Imagine a fiber’s tale. “I am a fiber, and my nickname is “Tough Carb”. Together with my sibling soluble and insoluble kinds, I am largely wrapped up in foods like fruits, vegetables and whole grains. Passing through your body, I bind with fats, help nutrients get better absorbed, move the bulk through the intestines, and promote a faster traffic to eliminate the waste your body doesn’t want. At the end, I still survive – remaining unbroken.”
What a fabulous job done by a “personal healthcare agent”! Well, I have more good news for you – Research indicates that a diet high in fiber can lower colon cancer risk. Specifically, every 10 grams of daily fiber intake reduces the risk of colon cancer by 10%.
Now the questions are how much fiber you need each day and how you can meet your goal to prevent colon cancer? Here I offer 5 meal-strategies that can help you effortlessly incorporate fiber into your daily diet and support the healthier, happier colon.
How much fiber do we need?
It is recommended that we eat 25-35 grams (g) of fiber per day. Sounds impossible or difficult? Don’t worry. A rule of thumb is – consume at least 5 servings of fruits and vegetables and 3 servings of whole grains each day. This is based on the fact that fiber is abundant in whole grains, fruits and vegetables, nuts and legumes.
Here are 5 meal-strategies to get your 25-35 grams each day with ease:
1. Breakfast: Have oatmeal or high-fiber cereal, fiber-rich breads or English Muffins, and more desirable, add fruits.

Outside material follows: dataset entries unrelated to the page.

lemma L2_pdx_u_le:
  assumes t: "t \<in> {0..T}"
  shows "integral {0..1} (\<lambda>x. (pdx u t x)\<^sup>2) \<le> 2 * (visc_max * sig_energy t + pres_max\<^sup>2) / visc_min\<^sup>2"
proof -
  have "integral {0..1} (\<lambda>x. (pdx u t x)\<^sup>2)
      \<le> integral {0..1} (\<lambda>x. (2 / visc_min\<^sup>2) * (sig t x)\<^sup>2 + 2 * pres_max\<^sup>2 / visc_min\<^sup>2)"
  proof (rule integral_le_continuous)
    show "continuous_on {0..1} (\<lambda>x. (pdx u t x)\<^sup>2)"
      by (intro continuous_intros continuous_on_slices t)
    show "continuous_on {0..1} (\<lambda>x. (2 / visc_min\<^sup>2) * (sig t x)\<^sup>2 + 2 * pres_max\<^sup>2 / visc_min\<^sup>2)"
      by (intro continuous_intros continuous_on_slices t)
    fix x
    show "(pdx u t x)\<^sup>2 \<le> (2 / visc_min\<^sup>2) * (sig t x)\<^sup>2 + 2 * pres_max\<^sup>2 / visc_min\<^sup>2"
      using pdx_u_sq_le[OF t, of x] by (simp add: add_divide_distrib distrib_left)
  qed
  also have "\<dots> = (2 / visc_min\<^sup>2) * sig_L2 t + 2 * pres_max\<^sup>2 / visc_min\<^sup>2"
  proof -
    have i: "(\<lambda>x. (2 / visc_min\<^sup>2) * (sig t x)\<^sup>2) integrable_on {0..1}"
      by (intro integrable_continuous_interval continuous_intros continuous_on_slices t)
    show ?thesis
      unfolding integral_add[OF i integrable_const_ivl] integral_mult_right sig_L2_def by simp
  qed
  also have "\<dots> \<le> (2 / visc_min\<^sup>2) * (visc_max * sig_energy t) + 2 * pres_max\<^sup>2 / visc_min\<^sup>2"
    using sig_L2_le_sig_energy[OF t] by (intro add_right_mono mult_left_mono) auto
  also have "\<dots> = 2 * (visc_max * sig_energy t + pres_max\<^sup>2) / visc_min\<^sup>2"
    by (simp add: add_divide_distrib algebra_simps)
  finally show ?thesis .
qed

lemma sup_pdx_u_sq_le:
  assumes t: "t \<in> {0..T}"
  shows "(SUP x\<in>{0..1}. \<bar>pdx u t x\<bar>)\<^sup>2 \<le> (4 * alpha / visc_min\<^sup>2) * entropy_prod t
    + (2 / visc_min\<^sup>2) * sig_x_L2 t + (4 * beta + 2 * pres_max\<^sup>2) / visc_min\<^sup>2"
proof -
  define B where "B = 2 * (2 * sig_L2 t + sig_x_L2 t + pres_max\<^sup>2) / visc_min\<^sup>2"
  have ub: "\<bar>pdx u t x\<bar> \<le> sqrt B" if x: "x \<in> {0..1}" for x
  proof -
    have "(pdx u t x)\<^sup>2 \<le> B"
      unfolding B_def using pdx_u_sq_le[OF t, of x] sig_sq_le[OF t x]
      by (smt (verit) divide_right_mono mult_left_mono zero_le_power2)
    then show ?thesis using real_sqrt_le_mono by fastforce
  qed
  have "(SUP x\<in>{0..1}. \<bar>pdx u t x\<bar>) \<le> sqrt B"
    by (rule cSUP_least) (use ub in auto)
  moreover have "0 \<le> (SUP x\<in>{0..1}. \<bar>pdx u t x\<bar>)"
  proof (rule cSUP_upper2[where x=0])
    show "bdd_above ((\<lambda>x. \<bar>pdx u t x\<bar>) ` {0..1})" by (rule bdd_aboveI2[OF ub]) auto
  qed auto
  moreover have "0 \<le> B"
    unfolding B_def using sig_L2_nonneg[OF t] sig_x_L2_nonneg[OF t] by simp
  ultimately have "(SUP x\<in>{0..1}. \<bar>pdx u t x\<bar>)\<^sup>2 \<le> B"
    using power_mono[of _ "sqrt B" 2] by fastforce
  also have "\<dots> \<le> (4 * alpha * entropy_prod t + 2 * sig_x_L2 t + (4 * beta + 2 * pres_max\<^sup>2))
      / visc_min\<^sup>2"
    unfolding B_def using sig_L2_le_entropy_prod[OF t] by (intro divide_right_mono) auto
  also have "\<dots> = (4 * alpha / visc_min\<^sup>2) * entropy_prod t
      + (2 / visc_min\<^sup>2) * sig_x_L2 t + (4 * beta + 2 * pres_max\<^sup>2) / visc_min\<^sup>2"
    by (simp add: add_divide_distrib)
  finally show ?thesis .
qed

context
  fixes S0 :: real
  assumes S0: "integral {0..1} (\<lambda>x. (stress mp mm gp gm c \<rho> \<theta> u 0 x)\<^sup>2) = S0"
begin

lemma sig_energy_le_max:
  assumes t: "t \<in> {0..T}"
  shows "sig_energy t \<le> sig_energy_max S0"
  unfolding sig_energy_max_def
proof (rule gronwall_exp_bound[OF t constants_nonneg(6,7) has_deriv_sig_energy has_deriv_total_entropy])
  fix s assume s: "s \<in> {0..T}"
  show "sig_energy_rate s \<le> (gron_a + gron_b * entropy_prod s) * sig_energy s"
  proof -
    have "0 \<le> (1 / ru) * sig_x_L2 s" using sig_x_L2_nonneg[OF s] pos by simp
    then show ?thesis using sig_energy_rate_le[OF s] by linarith
  qed
qed (use abs_total_entropy_le sig_energy_0_le S0 constants_nonneg(8) in auto)

lemma L2_pdx_u_le_C8:
  assumes t: "t \<in> {0..T}"
  shows "integral {0..1} (\<lambda>x. (pdx u t x)\<^sup>2) \<le> C8 S0"
proof -
  have "2 * (visc_max * sig_energy t + pres_max\<^sup>2) / visc_min\<^sup>2
      \<le> 2 * (visc_max * sig_energy_max S0 + pres_max\<^sup>2) / visc_min\<^sup>2"
    using sig_energy_le_max[OF t] pos by (intro divide_right_mono mult_left_mono add_right_mono) auto
  then show ?thesis using L2_pdx_u_le[OF t] unfolding C8_def by linarith
qed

Breakfast is the most important meal of a day. However, many people skip it. Think about this. A cup of rolled oats (dry) contains nearly 10 g of fiber, and Quaker Instant Oatmeal (3 g of fiber per pack) is also available in all grocery stores. So, if you have 2 packages of oatmeal (6 g of fiber), a slice of whole wheat bread (5-6 g of fiber per slice; depending on brands), and add some fruits like berries, bananas or raisins to your cereal or oatmeal (extra 1-2 g fiber), you’ve got a nice jumpstart, and it’s not hard. Plus, a bonus gain – fiber can boost your energy for a fantastic day ahead!

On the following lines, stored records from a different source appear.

lemma suffix_chain:
  "z \<in> Pext P \<Longrightarrow> z \<noteq> NegInf \<Longrightarrow>
    \<exists>L. sat_chain P L \<and> hd L = z \<and> last L = PosInf \<and> up z \<le> weight xi L"
  using finite_P
proof (induction z rule: Pext_up_induct)
  case (step z)
  show ?case
  proof (cases z)
    case PosInf
    then show ?thesis
      using up_PosInf by (intro exI[of _ "[PosInf]"]) (simp add: sat_chain_def)
  next
    case (Fin v)
    obtain w where w: "covers P z w" "up_next z = up w"
      using up_next_attained[OF step.prems(1)] Fin by auto
    then obtain L where L: "sat_chain P L" "hd L = w" "last L = PosInf" "up w \<le> weight xi L"
      using step.IH coversD[OF w(1)] by fastforce
    then have "sat_chain P (z # L)"
      using w(1) step.prems(1) by (simp add: sat_chain_Cons)
    moreover have "up z - up_next z \<le> xi z"
      using step.prems(1) Fin xi_Fin by simp
    ultimately show ?thesis
      using L w(2) Fin by (intro exI[of _ "z # L"]) (simp add: sat_chain_def)
  qed (use step.prems in simp)
qed

lemma prefix_chain:
  "z \<in> Pext P \<Longrightarrow> z \<noteq> PosInf \<Longrightarrow>
    \<exists>L. sat_chain P L \<and> hd L = NegInf \<and> last L = z \<and> down z \<le> weight xi L"
  using finite_P
proof (induction z rule: Pext_down_induct)
  case (step z)
  show ?case
  proof (cases z)
    case NegInf
    then show ?thesis
      using down_NegInf by (intro exI[of _ "[NegInf]"]) (simp add: sat_chain_def)
  next
    case (Fin v)
    obtain u where u: "covers P u z" "down_prev z = down u"
      using down_prev_attained[OF step.prems(1)] Fin by auto
    then obtain L where L: "sat_chain P L" "hd L = NegInf" "last L = u" "down u \<le> weight xi L"
      using step.IH coversD[OF u(1)] by fastforce
    have "L \<noteq> []"
      using L(1) by (simp add: sat_chain_def)
    with L u(1) step.prems(1) have "sat_chain P (L @ [z])"
      by (simp add: sat_chain_snoc)
    moreover have "down z - down_prev z \<le> xi z"
      using step.prems(1) Fin xi_Fin by simp
    ultimately show ?thesis
      using L u(2) Fin by (intro exI[of _ "L @ [z]"]) (simp add: sat_chain_def)
  qed (use step.prems in simp)
qed

lemma weight_through_segment:
  assumes "f1 \<in> S P 0" "f2 \<in> S P eps" "xi = (\<lambda>a. f1 a + f2 a)" "l \<le> t"
    and L1: "sat_chain P L1" "hd L1 = NegInf" "last L1 = X l" "before l \<le> weight xi L1"
    and L2: "sat_chain P L2" "hd L2 = Y l" "last L2 = PosInf" "after l \<le> weight xi L2"
  shows "f1 NegInf \<le> weight f1 L1 + weight f1 L2"
proof -
  obtain ms where ms: "sat_chain P (X l # ms @ [Y l])" "set ms \<subseteq> Fin ` P"
    "qd (X l) (Y l) = eps * int (length ms) + eps"
    using optimal_segment[OF finite_P X_in_Pext Y_in_Pext X_less_Y] assms(4) by metis
  have "spanning_chain P (L1 @ ms @ L2)"
    using spanning_chain_join[OF L1(1,2) _ L2(1,3)] ms(1) L1(3) L2(2) by simp
  then have "weight f2 (L1 @ ms @ L2) + eps \<le> f2 NegInf"
    using S_weight_bound[OF assms(2)] by blast
  moreover have "eps * int (length ms) \<le> weight f2 ms"
    using weight_lower_bound[OF ms(2)] S_lower_bound[OF assms(2)] by blast
  moreover have "deg \<le> weight xi L1 + eps * int (length ms) + eps + weight xi L2"
    using deg_split[OF assms(4)] ms(3) L1(4) L2(4) by simp
  moreover have "f1 NegInf + f2 NegInf = deg"
    using fun_cong[OF assms(3), of NegInf] by simp
  moreover have "weight xi L = weight f1 L + weight f2 L" for L
    by (simp add: assms(3) weight_add)
  ultimately show ?thesis
    by simp
qed

lemma before_le_weight_prefix:
  assumes "l \<le> t"
  shows "\<exists>L. sat_chain P L \<and> hd L = NegInf \<and> last L = X l \<and> before l \<le> weight xi L"
  using prefix_chain[OF X_in_Pext[OF assms] X_ne_PosInf] before_le_down[OF assms]
  by (meson order.trans)

lemma after_le_weight_suffix:
  assumes "m \<le> t"
  shows "\<exists>L. sat_chain P L \<and> hd L = Y m \<and> last L = PosInf \<and> after m \<le> weight xi L"
proof -
  have "after m \<le> up (Y m)"
    using up_ge[OF assms, of "Y m"] qdist_refl[OF finite_P Y_in_Pext[OF assms]] by simp
  then show ?thesis
    using suffix_chain[OF Y_in_Pext[OF assms] Y_ne_NegInf] by (meson order.trans)
qed

lemma xi_generator: "is_generator P eps xi"
proof -
  obtain pre where pre: "\<And>l. l \<le> t \<Longrightarrow>
      sat_chain P (pre l) \<and> hd (pre l) = NegInf \<and> last (pre l) = X l \<and> before l \<le> weight xi (pre l)"
    using before_le_weight_prefix by metis
  obtain suf where suf: "\<And>m. m \<le> t \<Longrightarrow>
      sat_chain P (suf m) \<and> hd (suf m) = Y m \<and> last (suf m) = PosInf \<and> after m \<le> weight xi (suf m)"
    using after_le_weight_suffix by metis
  have "f1 NegInf \<le> 0" if f: "f1 \<in> S P 0" "f2 \<in> S P eps" "xi = (\<lambda>a. f1 a + f2 a)" for f1 f2
  proof (rule telescoping_nonpos)
    show "weight f1 (pre 0) = 0" "weight f1 (suf t) = 0"
      using sat_chain_singleton[of P "pre 0"] sat_chain_singleton[of P "suf t"] pre[of 0] suf[of t]
      by simp_all
    show "f1 NegInf \<le> weight f1 (pre l) + weight f1 (suf l)" if "l \<le> t" for l
      using weight_through_segment[OF f that] pre[OF that] suf[OF that] by blast
    show "weight f1 (pre (Suc l)) + weight f1 (suf l) \<le> f1 NegInf" if "l < t" for l
      using S0_weight_outside_segment[OF finite_P f(1)] pre[of "Suc l"] suf[of l] that
        X_Suc_less_Y[OF that] by simp
  qed
  then show ?thesis
    unfolding is_generator_def using xi_in_S by (meson not_le)
qed

end

theorem mainTheorem10:
  fixes P :: "'a::order set" and eps :: int and t :: nat and x y :: "nat \<Rightarrow> 'a"
  assumes "finite P"
    and "eps \<in> {1, -1}"
    and "condN' P t x y"
    and "q_reduced P eps t x y"
  shows "\<exists>\<xi>. \<xi> \<in> S P eps \<and> is_generator P eps \<xi> \<and>
           \<xi> NegInf = qseq P eps (Xs x) (Ys t y) 0 t"
proof -
  interpret reduced_sequence P eps t x y
    using assms(1,3,4) by unfold_locales
  show ?thesis
    using xi_in_S xi_generator by (intro exI[of _ xi]) (simp add: deg_def)
qed

end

2. Lunch: Eat plenty of veggies and beans. Use whole wheat or whole grain bread to make your sandwiches. Have an apple as a part of salad or desert. Broccoli, one of anti-cancer foods, holds a good supply of fiber; 4.0 g per ½ cup (raw), 5.0 g in 4 spears (frozen) and 9.3 g per cup (fresh, cooked). Beans and fish (esp. salmon) are also excellent protein sources to replace animal meat.

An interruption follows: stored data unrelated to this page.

section \<open>Perfect central extensions\<close>

lemma rep_through_surjective_hom:
  assumes hom: "group_hom G H \<pi>" and surj: "\<pi> ` carrier G = carrier H" and rep: "is_rep G N \<Phi>"
    and ker: "\<And>z. z \<in> kernel G H \<pi> \<Longrightarrow> \<Phi> z = 1\<^sub>m N"
  obtains \<sigma> where "is_rep H N \<sigma>" and "\<And>g. g \<in> carrier G \<Longrightarrow> \<sigma> (\<pi> g) = \<Phi> g"
proof -
  interpret group_hom G H \<pi> by fact
  have fibre: "\<Phi> b = \<Phi> a"
    if a: "a \<in> carrier G" and b: "b \<in> carrier G" and ab: "\<pi> a = \<pi> b" for a b
  proof -
    define z where "z = inv\<^bsub>G\<^esub> a \<otimes>\<^bsub>G\<^esub> b"
    have z: "z \<in> kernel G H \<pi>" using a b ab by (simp add: z_def kernel_def hom_inv)
    then have "b = a \<otimes>\<^bsub>G\<^esub> z"
      using G.inv_solve_left[of z a b] a b by (simp add: z_def kernel_def)
    then show ?thesis
      using rep_mult[OF rep a] ker[OF z] rep_carrier[OF rep a] z by (simp add: kernel_def)
  qed
  define \<sigma> where "\<sigma> s = \<Phi> (SOME g. g \<in> carrier G \<and> \<pi> g = s)" for s
  have \<sigma>\<pi>: "\<sigma> (\<pi> g) = \<Phi> g" if g: "g \<in> carrier G" for g
  proof -
    have "\<exists>g'. g' \<in> carrier G \<and> \<pi> g' = \<pi> g" using g by blast
    then have "(SOME g'. g' \<in> carrier G \<and> \<pi> g' = \<pi> g) \<in> carrier G \<and>
        \<pi> (SOME g'. g' \<in> carrier G \<and> \<pi> g' = \<pi> g) = \<pi> g"
      by (rule someI_ex)
    then show ?thesis unfolding \<sigma>_def using fibre[OF g] by metis
  qed
  have "is_rep H N \<sigma>"
    unfolding is_rep_def
  proof (intro conjI ballI)
    fix s t assume "s \<in> carrier H" "t \<in> carrier H"
    then obtain a b where "a \<in> carrier G" "b \<in> carrier G" "s = \<pi> a" "t = \<pi> b"
      using surj by (metis imageE)
    then show "\<sigma> (s \<otimes>\<^bsub>H\<^esub> t) = \<sigma> s * \<sigma> t"
      by (simp add: \<sigma>\<pi> rep_mult[OF rep] flip: hom_mult)
  next
    fix s assume "s \<in> carrier H"
    then obtain a where "a \<in> carrier G" "s = \<pi> a" using surj by (metis imageE)
    then show "\<sigma> s \<in> carrier_mat N N" by (simp add: \<sigma>\<pi> rep_carrier[OF rep])
  next
    show "\<sigma> \<one>\<^bsub>H\<^esub> = 1\<^sub>m N" using \<sigma>\<pi>[of "\<one>\<^bsub>G\<^esub>"] rep_one[OF rep] by simp
  qed
  then show thesis using that \<sigma>\<pi> by blast
qed

lemma
  assumes surj: "\<pi> ` carrier G = carrier H" and \<sigma>\<pi>: "\<And>g. g \<in> carrier G \<Longrightarrow> \<sigma> (\<pi> g) = \<Phi> g"
  shows invariant_subspace_through_surjective:
      "invariant_subspace H N \<sigma> W \<longleftrightarrow> invariant_subspace G N \<Phi> W"
    and fixed_vectors_through_surjective: "fixed_vectors H N \<sigma> = fixed_vectors G N \<Phi>"
  unfolding invariant_subspace_def fixed_vectors_def surj[symmetric] using \<sigma>\<pi> by auto

theorem perfect_central_extension_nonprincipal_irr_rep:
  assumes ext: "central_extension E G \<pi>" and perfect: "perfect_group E"
    and irr: "is_irr_rep E n \<rho>" and nonprincipal: "\<not> principal_character E n \<rho>"
  shows "\<exists>m (\<sigma> :: 'a \<Rightarrow> complex mat).
           is_irr_rep G m \<sigma> \<and> \<not> principal_character G m \<sigma> \<and> m \<le> n\<^sup>2 - 1"
proof -
  have E: "group E" and G: "group G" and hom: "group_hom E G \<pi>"
    and surj: "\<pi> ` carrier E = carrier G" and ker: "kernel E G \<pi> \<subseteq> group_center E"
    using ext by (auto simp: central_extension_def group_hom_def group_hom_axioms_def)
  interpret E: group E by (rule E)
  have rep: "is_rep E n \<rho>" using irr by (simp add: is_irr_rep_def)
  have "2 \<le> n" by (rule perfect_group_nonprincipal_irr_rep_degree[OF E perfect irr nonprincipal])
  obtain \<sigma> where \<sigma>: "is_rep G (n * n) \<sigma>"
    and \<sigma>\<pi>: "\<And>h. h \<in> carrier E \<Longrightarrow> \<sigma> (\<pi> h) = adjoint_rep E n \<rho> h"
    using rep_through_surjective_hom[OF hom surj E.is_rep_adjoint_rep[OF rep]]
      E.adjoint_rep_central[OF irr] ker by blast
  have inv: "invariant_subspace G (n * n) \<sigma> (traceless_vecs n)"
    using invariant_subspace_through_surjective[where \<Phi> = "adjoint_rep E n \<rho>", OF surj \<sigma>\<pi>]
      E.traceless_vecs_invariant[OF rep] by simp
  obtain k \<tau> B where k: "0 < k" "k < n * n" and \<tau>: "is_rep G k \<tau>"
    and B: "B \<in> carrier_mat (n * n) k"
    and B_traceless: "(\<lambda>x. B *\<^sub>v x) ` carrier_vec k \<subseteq> traceless_vecs n"
    and B_inj: "\<And>x. x \<in> carrier_vec k \<Longrightarrow> B *\<^sub>v x = 0\<^sub>v (n * n) \<Longrightarrow> x = 0\<^sub>v k"
    and intertwine: "\<And>g. g \<in> carrier G \<Longrightarrow> \<sigma> g * B = B * \<tau> g"
    by (rule invariant_subspace_subrep[OF \<sigma> inv traceless_vecs_proper[OF \<open>2 \<le> n\<close>]])
      (rule that)
  have "fixed_vectors G k \<tau> \<subseteq> {0\<^sub>v k}"
  proof
    fix v assume v: "v \<in> fixed_vectors G k \<tau>"
    have "B *\<^sub>v v \<in> fixed_vectors G (n * n) \<sigma>"
      using intertwiner_fixed_vectors[OF \<sigma> \<tau> B] intertwine v by blast
    moreover have "B *\<^sub>v v \<in> traceless_vecs n" using B_traceless v by (auto simp: fixed_vectors_def)
    ultimately have "B *\<^sub>v v \<in> fixed_vectors E (n * n) (adjoint_rep E n \<rho>) \<inter> traceless_vecs n"
      using fixed_vectors_through_surjective[where \<Phi> = "adjoint_rep E n \<rho>", OF surj \<sigma>\<pi>] by simp
    then have "B *\<^sub>v v = 0\<^sub>v (n * n)" using E.adjoint_rep_fixed_traceless[OF irr] by blast
    then show "v \<in> {0\<^sub>v k}" using B_inj v by (simp add: fixed_vectors_def)
  qed
  then show ?thesis
    using irr_constituent_without_fixed_vectors[OF G \<tau> k(1)] k(2)
    by (fastforce simp: power2_eq_square)
qed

3. Dinner: Eat whole-wheat pasta, brown rice or potato (with skin), plus a variety of vegetables and olive oil. Add beans to your soup. Do you know cooked black beans contain 19.4 g of fiber per cup? How about whole-wheat pasta with chicken and colorful veggies?
4. Snacks: Take All-bran, Multi-grain crackers or high-fiber bars, fresh or dried fruits, as well as nuts and seeds, when you on the go. Fig is one of the highest fiber sources. Try Nature Bakery’s Whole Wheat Figgy Bars or Whole Wheat Blueberry Figgy Bars, they are individually-wrapped, delicious, and reward you another 2-4 g of fiber (2 g fiber per serving, 2 serving per pack). (But I’m not paid for “Ads”. )
5. Drinks: Drink more fruit/Veggie juice (fiber-rich) or soy milk (1-1.5 g of diary fiber in per 8 oz cup). See Martha Stewart’s recipes of making delicious green juice at home, which are affordable too.
Eventually, it’s your choice to include foods you desire. But the key is to eat a lot of fiber-rich foods (i.e. plan-based food).
Some folks consider that healthy foods taste boring, especially those from the grocery stores. I sympathize that, and the fix is – to get fresh fruits and vegetables from your local farmers’ market; those foods are yummy and refreshing!
As a final note, a balanced, fiber-rich diet is not the only tool to prevent colon cancer; exercise should go hand-in-hand with it.